§ Problem to solve: The whole of the data is to be duplicated precisely.

§ Given data:
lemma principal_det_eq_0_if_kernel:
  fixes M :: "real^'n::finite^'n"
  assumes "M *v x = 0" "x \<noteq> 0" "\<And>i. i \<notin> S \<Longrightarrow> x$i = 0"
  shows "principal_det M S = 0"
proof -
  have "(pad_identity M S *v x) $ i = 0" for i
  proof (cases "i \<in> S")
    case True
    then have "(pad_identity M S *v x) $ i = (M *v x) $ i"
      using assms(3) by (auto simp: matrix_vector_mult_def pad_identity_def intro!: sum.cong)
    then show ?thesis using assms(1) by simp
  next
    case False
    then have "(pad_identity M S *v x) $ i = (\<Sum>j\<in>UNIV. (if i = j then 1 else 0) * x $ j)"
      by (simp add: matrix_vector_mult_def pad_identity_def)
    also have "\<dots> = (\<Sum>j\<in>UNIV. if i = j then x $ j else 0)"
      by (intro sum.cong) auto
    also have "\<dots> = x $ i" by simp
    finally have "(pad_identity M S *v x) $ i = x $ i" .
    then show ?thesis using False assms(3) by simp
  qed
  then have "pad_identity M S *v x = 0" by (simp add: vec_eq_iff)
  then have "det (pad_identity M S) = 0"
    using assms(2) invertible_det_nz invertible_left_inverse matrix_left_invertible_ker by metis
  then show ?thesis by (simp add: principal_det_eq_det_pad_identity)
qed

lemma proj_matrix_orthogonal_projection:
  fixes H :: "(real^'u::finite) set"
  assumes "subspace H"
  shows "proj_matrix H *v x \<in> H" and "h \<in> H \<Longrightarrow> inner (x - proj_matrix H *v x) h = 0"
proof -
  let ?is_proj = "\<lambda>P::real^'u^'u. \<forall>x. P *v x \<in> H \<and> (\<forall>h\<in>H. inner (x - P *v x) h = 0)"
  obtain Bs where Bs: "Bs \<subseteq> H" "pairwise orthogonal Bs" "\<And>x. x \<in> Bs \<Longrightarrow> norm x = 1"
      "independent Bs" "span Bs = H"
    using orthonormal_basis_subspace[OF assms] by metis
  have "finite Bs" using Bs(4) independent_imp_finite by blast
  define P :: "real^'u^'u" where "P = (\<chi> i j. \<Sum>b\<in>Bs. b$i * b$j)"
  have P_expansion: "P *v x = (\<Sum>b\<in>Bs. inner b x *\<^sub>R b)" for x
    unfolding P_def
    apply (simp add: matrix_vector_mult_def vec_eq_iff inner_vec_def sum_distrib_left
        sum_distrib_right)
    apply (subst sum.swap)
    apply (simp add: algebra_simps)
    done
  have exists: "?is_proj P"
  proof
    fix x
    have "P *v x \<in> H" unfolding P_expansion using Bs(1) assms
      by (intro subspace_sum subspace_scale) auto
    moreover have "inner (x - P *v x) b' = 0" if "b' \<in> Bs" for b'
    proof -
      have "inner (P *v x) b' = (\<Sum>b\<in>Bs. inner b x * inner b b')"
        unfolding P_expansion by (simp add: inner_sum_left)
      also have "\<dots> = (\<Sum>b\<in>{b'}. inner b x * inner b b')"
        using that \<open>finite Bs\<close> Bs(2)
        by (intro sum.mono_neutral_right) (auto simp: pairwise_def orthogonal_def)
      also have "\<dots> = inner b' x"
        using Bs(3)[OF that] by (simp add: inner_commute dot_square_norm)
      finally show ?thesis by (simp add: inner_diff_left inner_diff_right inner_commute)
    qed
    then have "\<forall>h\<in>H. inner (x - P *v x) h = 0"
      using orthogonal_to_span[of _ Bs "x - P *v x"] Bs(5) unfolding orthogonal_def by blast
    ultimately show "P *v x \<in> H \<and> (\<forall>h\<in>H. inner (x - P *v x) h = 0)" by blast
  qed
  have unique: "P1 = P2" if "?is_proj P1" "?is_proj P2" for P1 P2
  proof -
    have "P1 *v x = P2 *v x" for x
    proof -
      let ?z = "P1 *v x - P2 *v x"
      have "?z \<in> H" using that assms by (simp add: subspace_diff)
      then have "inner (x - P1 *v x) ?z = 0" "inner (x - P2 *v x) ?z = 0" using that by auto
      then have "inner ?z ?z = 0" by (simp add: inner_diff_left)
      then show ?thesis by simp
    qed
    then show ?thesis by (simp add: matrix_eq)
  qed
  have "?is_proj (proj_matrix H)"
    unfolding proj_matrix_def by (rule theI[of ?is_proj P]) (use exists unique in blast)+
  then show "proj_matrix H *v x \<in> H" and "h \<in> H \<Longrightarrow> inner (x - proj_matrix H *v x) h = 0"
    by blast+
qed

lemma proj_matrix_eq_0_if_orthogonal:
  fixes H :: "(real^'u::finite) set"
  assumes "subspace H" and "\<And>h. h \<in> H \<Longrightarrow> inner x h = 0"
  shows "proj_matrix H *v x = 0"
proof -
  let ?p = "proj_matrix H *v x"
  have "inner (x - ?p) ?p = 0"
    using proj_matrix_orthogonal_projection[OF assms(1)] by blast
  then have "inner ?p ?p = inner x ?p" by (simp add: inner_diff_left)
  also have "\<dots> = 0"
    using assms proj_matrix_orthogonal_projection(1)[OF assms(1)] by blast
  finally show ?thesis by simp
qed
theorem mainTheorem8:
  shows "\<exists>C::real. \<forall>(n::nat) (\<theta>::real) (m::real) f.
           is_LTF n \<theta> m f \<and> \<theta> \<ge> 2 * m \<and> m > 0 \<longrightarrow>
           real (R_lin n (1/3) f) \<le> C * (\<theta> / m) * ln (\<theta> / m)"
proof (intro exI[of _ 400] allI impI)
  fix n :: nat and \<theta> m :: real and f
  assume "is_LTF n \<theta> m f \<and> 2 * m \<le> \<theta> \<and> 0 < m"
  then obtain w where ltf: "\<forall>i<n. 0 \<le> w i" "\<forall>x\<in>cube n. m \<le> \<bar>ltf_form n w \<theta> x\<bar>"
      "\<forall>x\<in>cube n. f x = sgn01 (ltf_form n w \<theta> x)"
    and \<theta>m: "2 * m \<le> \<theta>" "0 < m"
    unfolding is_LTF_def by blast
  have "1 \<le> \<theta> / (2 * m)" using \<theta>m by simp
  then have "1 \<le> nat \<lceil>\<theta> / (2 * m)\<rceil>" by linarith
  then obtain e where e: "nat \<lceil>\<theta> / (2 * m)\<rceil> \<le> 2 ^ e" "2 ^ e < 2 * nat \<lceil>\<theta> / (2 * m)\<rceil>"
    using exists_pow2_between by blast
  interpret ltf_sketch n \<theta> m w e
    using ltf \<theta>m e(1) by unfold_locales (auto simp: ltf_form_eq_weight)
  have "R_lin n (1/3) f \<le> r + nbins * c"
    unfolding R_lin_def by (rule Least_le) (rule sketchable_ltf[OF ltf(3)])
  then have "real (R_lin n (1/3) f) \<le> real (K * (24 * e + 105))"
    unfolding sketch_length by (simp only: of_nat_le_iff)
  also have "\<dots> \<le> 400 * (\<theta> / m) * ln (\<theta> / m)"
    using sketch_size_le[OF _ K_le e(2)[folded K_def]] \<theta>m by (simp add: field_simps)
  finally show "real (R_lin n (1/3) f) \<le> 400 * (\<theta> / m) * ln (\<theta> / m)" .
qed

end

§ Expected output:
lemma principal_det_eq_0_if_kernel:
  fixes M :: "real^'n::finite^'n"
  assumes "M *v x = 0" "x \<noteq> 0" "\<And>i. i \<notin> S \<Longrightarrow> x$i = 0"
  shows "principal_det M S = 0"
proof -
  have "(pad_identity M S *v x) $ i = 0" for i
  proof (cases "i \<in> S")
    case True
    then have "(pad_identity M S *v x) $ i = (M *v x) $ i"
      using assms(3) by (auto simp: matrix_vector_mult_def pad_identity_def intro!: sum.cong)
    then show ?thesis using assms(1) by simp
  next
    case False
    then have "(pad_identity M S *v x) $ i = (\<Sum>j\<in>UNIV. (if i = j then 1 else 0) * x $ j)"
      by (simp add: matrix_vector_mult_def pad_identity_def)
    also have "\<dots> = (\<Sum>j\<in>UNIV. if i = j then x $ j else 0)"
      by (intro sum.cong) auto
    also have "\<dots> = x $ i" by simp
    finally have "(pad_identity M S *v x) $ i = x $ i" .
    then show ?thesis using False assms(3) by simp
  qed
  then have "pad_identity M S *v x = 0" by (simp add: vec_eq_iff)
  then have "det (pad_identity M S) = 0"
    using assms(2) invertible_det_nz invertible_left_inverse matrix_left_invertible_ker by metis
  then show ?thesis by (simp add: principal_det_eq_det_pad_identity)
qed

lemma proj_matrix_orthogonal_projection:
  fixes H :: "(real^'u::finite) set"
  assumes "subspace H"
  shows "proj_matrix H *v x \<in> H" and "h \<in> H \<Longrightarrow> inner (x - proj_matrix H *v x) h = 0"
proof -
  let ?is_proj = "\<lambda>P::real^'u^'u. \<forall>x. P *v x \<in> H \<and> (\<forall>h\<in>H. inner (x - P *v x) h = 0)"
  obtain Bs where Bs: "Bs \<subseteq> H" "pairwise orthogonal Bs" "\<And>x. x \<in> Bs \<Longrightarrow> norm x = 1"
      "independent Bs" "span Bs = H"
    using orthonormal_basis_subspace[OF assms] by metis
  have "finite Bs" using Bs(4) independent_imp_finite by blast
  define P :: "real^'u^'u" where "P = (\<chi> i j. \<Sum>b\<in>Bs. b$i * b$j)"
  have P_expansion: "P *v x = (\<Sum>b\<in>Bs. inner b x *\<^sub>R b)" for x
    unfolding P_def
    apply (simp add: matrix_vector_mult_def vec_eq_iff inner_vec_def sum_distrib_left
        sum_distrib_right)
    apply (subst sum.swap)
    apply (simp add: algebra_simps)
    done
  have exists: "?is_proj P"
  proof
    fix x
    have "P *v x \<in> H" unfolding P_expansion using Bs(1) assms
      by (intro subspace_sum subspace_scale) auto
    moreover have "inner (x - P *v x) b' = 0" if "b' \<in> Bs" for b'
    proof -
      have "inner (P *v x) b' = (\<Sum>b\<in>Bs. inner b x * inner b b')"
        unfolding P_expansion by (simp add: inner_sum_left)
      also have "\<dots> = (\<Sum>b\<in>{b'}. inner b x * inner b b')"
        using that \<open>finite Bs\<close> Bs(2)
        by (intro sum.mono_neutral_right) (auto simp: pairwise_def orthogonal_def)
      also have "\<dots> = inner b' x"
        using Bs(3)[OF that] by (simp add: inner_commute dot_square_norm)
      finally show ?thesis by (simp add: inner_diff_left inner_diff_right inner_commute)
    qed
    then have "\<forall>h\<in>H. inner (x - P *v x) h = 0"
      using orthogonal_to_span[of _ Bs "x - P *v x"] Bs(5) unfolding orthogonal_def by blast
    ultimately show "P *v x \<in> H \<and> (\<forall>h\<in>H. inner (x - P *v x) h = 0)" by blast
  qed
  have unique: "P1 = P2" if "?is_proj P1" "?is_proj P2" for P1 P2
  proof -
    have "P1 *v x = P2 *v x" for x
    proof -
      let ?z = "P1 *v x - P2 *v x"
      have "?z \<in> H" using that assms by (simp add: subspace_diff)
      then have "inner (x - P1 *v x) ?z = 0" "inner (x - P2 *v x) ?z = 0" using that by auto
      then have "inner ?z ?z = 0" by (simp add: inner_diff_left)
      then show ?thesis by simp
    qed
    then show ?thesis by (simp add: matrix_eq)
  qed
  have "?is_proj (proj_matrix H)"
    unfolding proj_matrix_def by (rule theI[of ?is_proj P]) (use exists unique in blast)+
  then show "proj_matrix H *v x \<in> H" and "h \<in> H \<Longrightarrow> inner (x - proj_matrix H *v x) h = 0"
    by blast+
qed

lemma proj_matrix_eq_0_if_orthogonal:
  fixes H :: "(real^'u::finite) set"
  assumes "subspace H" and "\<And>h. h \<in> H \<Longrightarrow> inner x h = 0"
  shows "proj_matrix H *v x = 0"
proof -
  let ?p = "proj_matrix H *v x"
  have "inner (x - ?p) ?p = 0"
    using proj_matrix_orthogonal_projection[OF assms(1)] by blast
  then have "inner ?p ?p = inner x ?p" by (simp add: inner_diff_left)
  also have "\<dots> = 0"
    using assms proj_matrix_orthogonal_projection(1)[OF assms(1)] by blast
  finally show ?thesis by simp
qed
theorem mainTheorem8:
  shows "\<exists>C::real. \<forall>(n::nat) (\<theta>::real) (m::real) f.
           is_LTF n \<theta> m f \<and> \<theta> \<ge> 2 * m \<and> m > 0 \<longrightarrow>
           real (R_lin n (1/3) f) \<le> C * (\<theta> / m) * ln (\<theta> / m)"
proof (intro exI[of _ 400] allI impI)
  fix n :: nat and \<theta> m :: real and f
  assume "is_LTF n \<theta> m f \<and> 2 * m \<le> \<theta> \<and> 0 < m"
  then obtain w where ltf: "\<forall>i<n. 0 \<le> w i" "\<forall>x\<in>cube n. m \<le> \<bar>ltf_form n w \<theta> x\<bar>"
      "\<forall>x\<in>cube n. f x = sgn01 (ltf_form n w \<theta> x)"
    and \<theta>m: "2 * m \<le> \<theta>" "0 < m"
    unfolding is_LTF_def by blast
  have "1 \<le> \<theta> / (2 * m)" using \<theta>m by simp
  then have "1 \<le> nat \<lceil>\<theta> / (2 * m)\<rceil>" by linarith
  then obtain e where e: "nat \<lceil>\<theta> / (2 * m)\<rceil> \<le> 2 ^ e" "2 ^ e < 2 * nat \<lceil>\<theta> / (2 * m)\<rceil>"
    using exists_pow2_between by blast
  interpret ltf_sketch n \<theta> m w e
    using ltf \<theta>m e(1) by unfold_locales (auto simp: ltf_form_eq_weight)
  have "R_lin n (1/3) f \<le> r + nbins * c"
    unfolding R_lin_def by (rule Least_le) (rule sketchable_ltf[OF ltf(3)])
  then have "real (R_lin n (1/3) f) \<le> real (K * (24 * e + 105))"
    unfolding sketch_length by (simp only: of_nat_le_iff)
  also have "\<dots> \<le> 400 * (\<theta> / m) * ln (\<theta> / m)"
    using sketch_size_le[OF _ K_le e(2)[folded K_def]] \<theta>m by (simp add: field_simps)
  finally show "real (R_lin n (1/3) f) \<le> 400 * (\<theta> / m) * ln (\<theta> / m)" .
qed

end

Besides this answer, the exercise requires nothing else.